Василий смотрел на спорящих патриархов философской мысли. Конечно, и Лев Николаевич, и Николай Федорович – оба умны до чрезвычайности. Знания Федорова вообще энциклопедичны. Только вот к чему, зачем обычную живую жизнь загонять в рамки теорий? Как будто жизнь от этого потечет по-другому? Появится братство, исчезнет смерть и угнетение? Если Лев Николаевич и жил настоящей полной жизнью, то представления о жизни у крайнего аскета Федорова большей частью лишь умозрительны. А его переживания об отцах и их воскрешении действительно проистекает из того же страха смерти и разрушения привычной жизни, каковую он претерпел после смерти своего любимого дяди. Конечно, в силу необыкновенной широты его ума, мысли его смелы, и возможно, предвосхищают то, что в будущем будет сделано…. Но так бы не хотелось жить в мире, устроенном не самой природой, а мудрствованием философов. Пусть даже самых умных и самых бескорыстных. А то, что смерть не изначальна в природе – мысль эта у Николая Федоровича интересна. Надо будет его порасспросить подробнее, что он по этому поводу думает. Но сейчас разгорающуюся стычку нужно пресечь.

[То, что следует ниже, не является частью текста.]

(* Let $P=\langle(\mathcal Q,\le),N\rangle$ be a possibilistic normal program such that $(\mathcal Q,\le)$ is a totally ordered set and the language of $P$ has no extended (strongly negated) atoms. Then $M$ is a possibilistic answer set of $P$ if and only if $M$ is a possibilistic stable model of $P$.
   Context: $(\mathcal Q,\le)$ is a finite (here totally ordered) lattice with top $\top_{\mathcal Q}$. A possibilistic normal program is $P=\langle(\mathcal Q,\le),N\rangle$ where $N$ is a finite set of clauses $r=\alpha:a\leftarrow\mathcal B^+,not\ \mathcal B^-$ with exactly one head atom $a$, $\alpha\in\mathcal Q$; $n(r)=\alpha$, $r^*$ the underlying clause, $P^*=\{r^*\}$. Answer sets of $P^*$ are Gelfond–Lifschitz answer sets. $\mathcal{PS}$: sets of pairs (atom, element of $\mathcal Q$) with each atom at most once; $M^*$ its atoms; $A\sqsubseteq B$ iff $A^*\subseteq B^*$ and $\gamma\le\delta$ whenever $(x,\gamma)\in A,(x,\delta)\in B$. Reduct $P_M=\{n(r):(\{a\}\cap M)\leftarrow\mathcal B^+\mid r\in N, a\in M,\mathcal B^-\cap M=\emptyset,\mathcal B^+\subseteq M\}$. $\vdash_{PL}$ is necessity-valued possibilistic-logic inference (clauses read as weighted implications; classical axioms weighted $\top_{\mathcal Q}$; rules $(\varphi\ \gamma),(\varphi\to\psi\ \delta)\vdash(\psi\ \min\{\gamma,\delta\})$ and weakening $(\varphi\ \gamma)\vdash(\varphi\ \epsilon)$ for $\epsilon\le\gamma$). $P\Vvdash_{PL}M$ iff $M^*$ is an answer set of $P^*$ and $P_{M^*}\vdash_{PL}(a\ \gamma)$ for all $(a,\gamma)\in M$. $M$ is a possibilistic answer set iff $M^*$ is an answer set of $P^*$, $P\Vvdash_{PL}M$, and there is no $M''\ne M$ in $\mathcal{PS}$ with $M\sqsubseteq M''$ and $P\Vvdash_{PL}M''$. Possibilistic stable models (Nicolas et al.): for a set of atoms $S$, the reduct $P^S=\{n(r):a\leftarrow\mathcal B^+\mid r\in N,\ \mathcal B^-\cap S=\emptyset\}$; for a definite possibilistic program $D$ and $A\in\mathcal{PS}$, $T_D(A)$ assigns to each atom $a$ that is the head of some $r\in D$ with $\mathcal B^+(r)\subseteq A^*$ the value $\max$ over such $r$ of $\min(\{n(r)\}\cup\{\beta:(b,\beta)\in A,b\in\mathcal B^+(r)\})$; $Cn(D)$ is the least fixpoint of $T_D$ obtained by iterating from $\emptyset$. $M$ is a possibilistic stable model of $P$ iff $M=Cn(P^{M^*})$. *)

theory Defs
  imports Main
begin

text \<open>A possibilistic normal clause  alpha : a <- B+, not B-.  Bodies are given as lists
  (finite sets of atoms); only their sets matter.  The lattice Q is the type 'q,
  a finite linear order with top.\<close>

datatype ('a, 'q) pclause =
  PClause (weight: 'q) (head: 'a) (pos: "'a list") (neg: "'a list")
lemma discrete_intermediate_value:
  fixes a :: "nat \<Rightarrow> real"
  assumes "a 0 \<le> y" "y \<le> a n" "0 \<le> d" and step: "\<And>j. j < n \<Longrightarrow> a (Suc j) \<le> a j + d"
  shows "\<exists>j\<le>n. \<bar>a j - y\<bar> \<le> d"
  using assms(2) step
proof (induction n)
  case 0
  with assms(1,3) show ?case
    by auto
next
  case (Suc n)
  show ?case
  proof (cases "y \<le> a n")
    case True
    with Suc show ?thesis
      by (metis le_Suc_eq less_Suc_eq)
  next
    case False
    with Suc.prems have "\<bar>a (Suc n) - y\<bar> \<le> d"
      by force
    then show ?thesis
      by blast
  qed
qed

lemma sign_rejection_prob_approximates:
  assumes r: "0 < r" "r < 1" and \<alpha>: "0 < \<alpha>" "\<alpha> < 1" and "0 < d"
  shows "\<forall>\<^sub>F n in sequentially. \<exists>j. \<bar>sign_rejection_prob n j r - \<alpha>\<bar> \<le> d"
proof -
  define c where "c = min d \<alpha> / 2"
  have c: "0 < c" "2 * c \<le> d" "2 * c \<le> \<alpha>"
    using \<open>0 < d\<close> \<alpha> by (auto simp: c_def)
  show ?thesis
    using binomial_pmf_uniformly_small[OF r \<open>0 < c\<close>]
  proof eventually_elim
    case (elim n)
    let ?a = "\<lambda>j. sign_rejection_prob n j r"
    have "?a 0 \<le> \<alpha>"
      using sign_rejection_prob_0_le[of r n] elim[rule_format, of 0] elim[rule_format, of n] r c
      by simp
    moreover have "\<alpha> \<le> ?a n"
      using \<alpha> by (simp add: sign_rejection_prob_def rejection_region_def)
    moreover have "?a (Suc j) \<le> ?a j + 2 * c" for j
      using sign_rejection_prob_Suc_le[of n j r] elim[rule_format, of "Suc j"]
        elim[rule_format, of "n - Suc j"]
      by simp
    ultimately obtain j where "\<bar>?a j - \<alpha>\<bar> \<le> 2 * c"
      using discrete_intermediate_value[of ?a \<alpha> n "2 * c"] c by auto
    with c show ?case
      by (meson order_trans)
  qed
qed

section \<open>Counting successes in independent trials\<close>

lemma sum_subsets_eq_prob_binomial:
  assumes "finite I" "0 \<le> q" "q \<le> 1"
  shows "(\<Sum>S\<in>{S. S \<subseteq> I \<and> card S \<in> R}. q ^ card S * (1 - q) ^ (card I - card S))
       = measure_pmf.prob (binomial_pmf (card I) q) R"
proof -
  let ?SS = "{S. S \<subseteq> I \<and> card S \<in> R}"
  have "finite ?SS"
    using assms by (auto intro: finite_subset[of _ "Pow I"])
  then have "(\<Sum>S\<in>?SS. q ^ card S * (1 - q) ^ (card I - card S))
      = (\<Sum>j\<in>R \<inter> {..card I}. \<Sum>S\<in>{S \<in> ?SS. card S = j}. q ^ card S * (1 - q) ^ (card I - card S))"
    by (rule sum.group[symmetric]) (use assms card_mono in auto)
  also have "\<dots> = (\<Sum>j\<in>R \<inter> {..card I}. pmf (binomial_pmf (card I) q) j)"
  proof (rule sum.cong[OF refl])
    fix j assume "j \<in> R \<inter> {..card I}"
    then have "{S \<in> ?SS. card S = j} = {S. S \<subseteq> I \<and> card S = j}"
      by auto
    then show "(\<Sum>S\<in>{S \<in> ?SS. card S = j}. q ^ card S * (1 - q) ^ (card I - card S))
        = pmf (binomial_pmf (card I) q) j"
      using assms by (simp add: n_subsets)
  qed
  also have "\<dots> = measure_pmf.prob (binomial_pmf (card I) q) R"
    using assms by (simp add: prob_binomial_pmf_eq_sum)
  finally show ?thesis .
qed

lemma finite_product_prob_space_iid:
  "prob_space M \<Longrightarrow> finite I \<Longrightarrow> finite_product_prob_space (\<lambda>_. M) I"
  by (simp add: finite_product_prob_space_def finite_product_sigma_finite_def
      finite_product_sigma_finite_axioms_def product_prob_space_def product_prob_space_axioms_def
      product_sigma_finite_def prob_space_imp_sigma_finite)

lemma success_pattern_count:
  assumes "x \<in> PiE I (\<lambda>i. if i \<in> S then A else space M - A)" "S \<subseteq> I"
  shows "{i \<in> I. x i \<in> A} = S"
  using assms by (auto simp: PiE_def Pi_def split: if_splits)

– Лев Николаевич! Николай Федорович! – обратился к почтенным старцам Василий. – А нет ли у вас интереса взглянуть на «Смерть царевича Иоанна» господина Репина? Мне было бы особенно ценно узнать ваше мнение об этом полотне. И, кстати, Николай Федорович, будет ли считаться долг убиенного Ивана-царевича искупленным перед оставшимся в живых отцом?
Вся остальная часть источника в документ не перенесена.